About this task
Word by word and line by line, write out all of the records.

Source data
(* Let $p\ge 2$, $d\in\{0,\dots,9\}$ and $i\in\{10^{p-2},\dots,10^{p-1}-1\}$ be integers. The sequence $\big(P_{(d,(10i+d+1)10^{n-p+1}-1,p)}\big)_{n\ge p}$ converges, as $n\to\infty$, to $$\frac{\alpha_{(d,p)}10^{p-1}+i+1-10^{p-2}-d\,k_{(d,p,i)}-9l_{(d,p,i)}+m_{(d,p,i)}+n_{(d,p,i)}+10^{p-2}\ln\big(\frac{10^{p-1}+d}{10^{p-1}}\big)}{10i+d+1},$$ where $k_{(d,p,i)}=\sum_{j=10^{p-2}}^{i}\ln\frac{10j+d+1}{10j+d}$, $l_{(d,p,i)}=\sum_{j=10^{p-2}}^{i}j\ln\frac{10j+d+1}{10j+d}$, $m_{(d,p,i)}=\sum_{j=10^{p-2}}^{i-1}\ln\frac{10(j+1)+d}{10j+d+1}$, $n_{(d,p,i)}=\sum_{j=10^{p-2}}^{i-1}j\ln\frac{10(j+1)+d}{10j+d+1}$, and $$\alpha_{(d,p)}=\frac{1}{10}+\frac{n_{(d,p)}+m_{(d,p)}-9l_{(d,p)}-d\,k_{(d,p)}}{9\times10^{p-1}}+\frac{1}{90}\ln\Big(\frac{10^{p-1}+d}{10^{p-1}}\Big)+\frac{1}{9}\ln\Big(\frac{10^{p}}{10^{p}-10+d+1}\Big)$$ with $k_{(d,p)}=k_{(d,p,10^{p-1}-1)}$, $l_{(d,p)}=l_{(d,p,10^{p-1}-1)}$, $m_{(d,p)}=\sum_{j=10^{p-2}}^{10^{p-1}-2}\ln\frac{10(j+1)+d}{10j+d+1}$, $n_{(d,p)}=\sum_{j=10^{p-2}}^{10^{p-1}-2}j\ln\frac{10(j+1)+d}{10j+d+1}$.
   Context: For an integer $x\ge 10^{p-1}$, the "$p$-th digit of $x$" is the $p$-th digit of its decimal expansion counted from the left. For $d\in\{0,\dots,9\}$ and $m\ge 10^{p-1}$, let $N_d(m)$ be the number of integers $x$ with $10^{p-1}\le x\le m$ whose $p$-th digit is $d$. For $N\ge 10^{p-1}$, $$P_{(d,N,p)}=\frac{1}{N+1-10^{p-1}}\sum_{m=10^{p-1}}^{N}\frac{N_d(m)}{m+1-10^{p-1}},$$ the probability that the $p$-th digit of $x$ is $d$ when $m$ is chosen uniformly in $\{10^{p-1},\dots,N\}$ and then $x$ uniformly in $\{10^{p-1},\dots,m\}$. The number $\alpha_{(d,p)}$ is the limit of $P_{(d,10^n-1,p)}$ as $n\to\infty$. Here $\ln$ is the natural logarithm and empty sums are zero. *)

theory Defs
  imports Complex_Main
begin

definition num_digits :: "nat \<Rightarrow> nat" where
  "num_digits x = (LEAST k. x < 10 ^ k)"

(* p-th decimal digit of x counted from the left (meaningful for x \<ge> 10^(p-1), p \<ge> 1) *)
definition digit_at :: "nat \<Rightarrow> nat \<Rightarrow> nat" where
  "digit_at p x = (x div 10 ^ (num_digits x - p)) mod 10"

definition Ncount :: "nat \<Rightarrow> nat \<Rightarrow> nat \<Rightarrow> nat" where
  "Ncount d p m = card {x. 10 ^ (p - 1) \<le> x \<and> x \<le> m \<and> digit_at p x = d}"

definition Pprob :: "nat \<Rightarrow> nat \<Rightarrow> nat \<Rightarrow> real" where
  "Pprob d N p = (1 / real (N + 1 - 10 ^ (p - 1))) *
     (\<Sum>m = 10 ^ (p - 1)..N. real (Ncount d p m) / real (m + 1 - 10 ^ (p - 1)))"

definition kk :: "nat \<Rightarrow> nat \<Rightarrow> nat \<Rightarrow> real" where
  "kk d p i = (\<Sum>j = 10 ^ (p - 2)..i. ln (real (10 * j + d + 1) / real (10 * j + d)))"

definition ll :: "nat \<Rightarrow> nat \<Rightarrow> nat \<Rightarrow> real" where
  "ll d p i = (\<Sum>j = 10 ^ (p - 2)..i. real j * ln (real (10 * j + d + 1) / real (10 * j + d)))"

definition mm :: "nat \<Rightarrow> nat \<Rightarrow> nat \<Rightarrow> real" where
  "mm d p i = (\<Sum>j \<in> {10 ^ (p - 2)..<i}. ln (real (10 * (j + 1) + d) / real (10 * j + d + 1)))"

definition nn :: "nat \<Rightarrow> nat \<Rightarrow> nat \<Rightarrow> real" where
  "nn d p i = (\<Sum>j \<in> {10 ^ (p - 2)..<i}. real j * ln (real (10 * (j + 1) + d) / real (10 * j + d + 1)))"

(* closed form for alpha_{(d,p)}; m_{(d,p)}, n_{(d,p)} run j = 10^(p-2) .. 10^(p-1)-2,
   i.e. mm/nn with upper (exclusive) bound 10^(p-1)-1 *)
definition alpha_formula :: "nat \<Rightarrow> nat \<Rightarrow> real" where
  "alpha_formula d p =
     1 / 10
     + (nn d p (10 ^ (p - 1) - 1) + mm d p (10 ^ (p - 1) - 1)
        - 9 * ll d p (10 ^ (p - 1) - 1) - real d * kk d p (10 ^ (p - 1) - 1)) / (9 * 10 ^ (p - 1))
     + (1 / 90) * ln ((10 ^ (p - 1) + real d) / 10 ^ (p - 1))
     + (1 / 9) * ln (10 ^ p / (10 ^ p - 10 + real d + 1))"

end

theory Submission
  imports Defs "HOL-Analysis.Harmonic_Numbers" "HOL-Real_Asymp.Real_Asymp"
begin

Solution for this exercise
(* Let $p\ge 2$, $d\in\{0,\dots,9\}$ and $i\in\{10^{p-2},\dots,10^{p-1}-1\}$ be integers. The sequence $\big(P_{(d,(10i+d+1)10^{n-p+1}-1,p)}\big)_{n\ge p}$ converges, as $n\to\infty$, to $$\frac{\alpha_{(d,p)}10^{p-1}+i+1-10^{p-2}-d\,k_{(d,p,i)}-9l_{(d,p,i)}+m_{(d,p,i)}+n_{(d,p,i)}+10^{p-2}\ln\big(\frac{10^{p-1}+d}{10^{p-1}}\big)}{10i+d+1},$$ where $k_{(d,p,i)}=\sum_{j=10^{p-2}}^{i}\ln\frac{10j+d+1}{10j+d}$, $l_{(d,p,i)}=\sum_{j=10^{p-2}}^{i}j\ln\frac{10j+d+1}{10j+d}$, $m_{(d,p,i)}=\sum_{j=10^{p-2}}^{i-1}\ln\frac{10(j+1)+d}{10j+d+1}$, $n_{(d,p,i)}=\sum_{j=10^{p-2}}^{i-1}j\ln\frac{10(j+1)+d}{10j+d+1}$, and $$\alpha_{(d,p)}=\frac{1}{10}+\frac{n_{(d,p)}+m_{(d,p)}-9l_{(d,p)}-d\,k_{(d,p)}}{9\times10^{p-1}}+\frac{1}{90}\ln\Big(\frac{10^{p-1}+d}{10^{p-1}}\Big)+\frac{1}{9}\ln\Big(\frac{10^{p}}{10^{p}-10+d+1}\Big)$$ with $k_{(d,p)}=k_{(d,p,10^{p-1}-1)}$, $l_{(d,p)}=l_{(d,p,10^{p-1}-1)}$, $m_{(d,p)}=\sum_{j=10^{p-2}}^{10^{p-1}-2}\ln\frac{10(j+1)+d}{10j+d+1}$, $n_{(d,p)}=\sum_{j=10^{p-2}}^{10^{p-1}-2}j\ln\frac{10(j+1)+d}{10j+d+1}$.
   Context: For an integer $x\ge 10^{p-1}$, the "$p$-th digit of $x$" is the $p$-th digit of its decimal expansion counted from the left. For $d\in\{0,\dots,9\}$ and $m\ge 10^{p-1}$, let $N_d(m)$ be the number of integers $x$ with $10^{p-1}\le x\le m$ whose $p$-th digit is $d$. For $N\ge 10^{p-1}$, $$P_{(d,N,p)}=\frac{1}{N+1-10^{p-1}}\sum_{m=10^{p-1}}^{N}\frac{N_d(m)}{m+1-10^{p-1}},$$ the probability that the $p$-th digit of $x$ is $d$ when $m$ is chosen uniformly in $\{10^{p-1},\dots,N\}$ and then $x$ uniformly in $\{10^{p-1},\dots,m\}$. The number $\alpha_{(d,p)}$ is the limit of $P_{(d,10^n-1,p)}$ as $n\to\infty$. Here $\ln$ is the natural logarithm and empty sums are zero. *)

theory Defs
  imports Complex_Main
begin

definition num_digits :: "nat \<Rightarrow> nat" where
  "num_digits x = (LEAST k. x < 10 ^ k)"

(* p-th decimal digit of x counted from the left (meaningful for x \<ge> 10^(p-1), p \<ge> 1) *)
definition digit_at :: "nat \<Rightarrow> nat \<Rightarrow> nat" where
  "digit_at p x = (x div 10 ^ (num_digits x - p)) mod 10"

definition Ncount :: "nat \<Rightarrow> nat \<Rightarrow> nat \<Rightarrow> nat" where
  "Ncount d p m = card {x. 10 ^ (p - 1) \<le> x \<and> x \<le> m \<and> digit_at p x = d}"

definition Pprob :: "nat \<Rightarrow> nat \<Rightarrow> nat \<Rightarrow> real" where
  "Pprob d N p = (1 / real (N + 1 - 10 ^ (p - 1))) *
     (\<Sum>m = 10 ^ (p - 1)..N. real (Ncount d p m) / real (m + 1 - 10 ^ (p - 1)))"

definition kk :: "nat \<Rightarrow> nat \<Rightarrow> nat \<Rightarrow> real" where
  "kk d p i = (\<Sum>j = 10 ^ (p - 2)..i. ln (real (10 * j + d + 1) / real (10 * j + d)))"

definition ll :: "nat \<Rightarrow> nat \<Rightarrow> nat \<Rightarrow> real" where
  "ll d p i = (\<Sum>j = 10 ^ (p - 2)..i. real j * ln (real (10 * j + d + 1) / real (10 * j + d)))"

definition mm :: "nat \<Rightarrow> nat \<Rightarrow> nat \<Rightarrow> real" where
  "mm d p i = (\<Sum>j \<in> {10 ^ (p - 2)..<i}. ln (real (10 * (j + 1) + d) / real (10 * j + d + 1)))"

definition nn :: "nat \<Rightarrow> nat \<Rightarrow> nat \<Rightarrow> real" where
  "nn d p i = (\<Sum>j \<in> {10 ^ (p - 2)..<i}. real j * ln (real (10 * (j + 1) + d) / real (10 * j + d + 1)))"

(* closed form for alpha_{(d,p)}; m_{(d,p)}, n_{(d,p)} run j = 10^(p-2) .. 10^(p-1)-2,
   i.e. mm/nn with upper (exclusive) bound 10^(p-1)-1 *)
definition alpha_formula :: "nat \<Rightarrow> nat \<Rightarrow> real" where
  "alpha_formula d p =
     1 / 10
     + (nn d p (10 ^ (p - 1) - 1) + mm d p (10 ^ (p - 1) - 1)
        - 9 * ll d p (10 ^ (p - 1) - 1) - real d * kk d p (10 ^ (p - 1) - 1)) / (9 * 10 ^ (p - 1))
     + (1 / 90) * ln ((10 ^ (p - 1) + real d) / 10 ^ (p - 1))
     + (1 / 9) * ln (10 ^ p / (10 ^ p - 10 + real d + 1))"

end

theory Submission
  imports Defs "HOL-Analysis.Harmonic_Numbers" "HOL-Real_Asymp.Real_Asymp"
begin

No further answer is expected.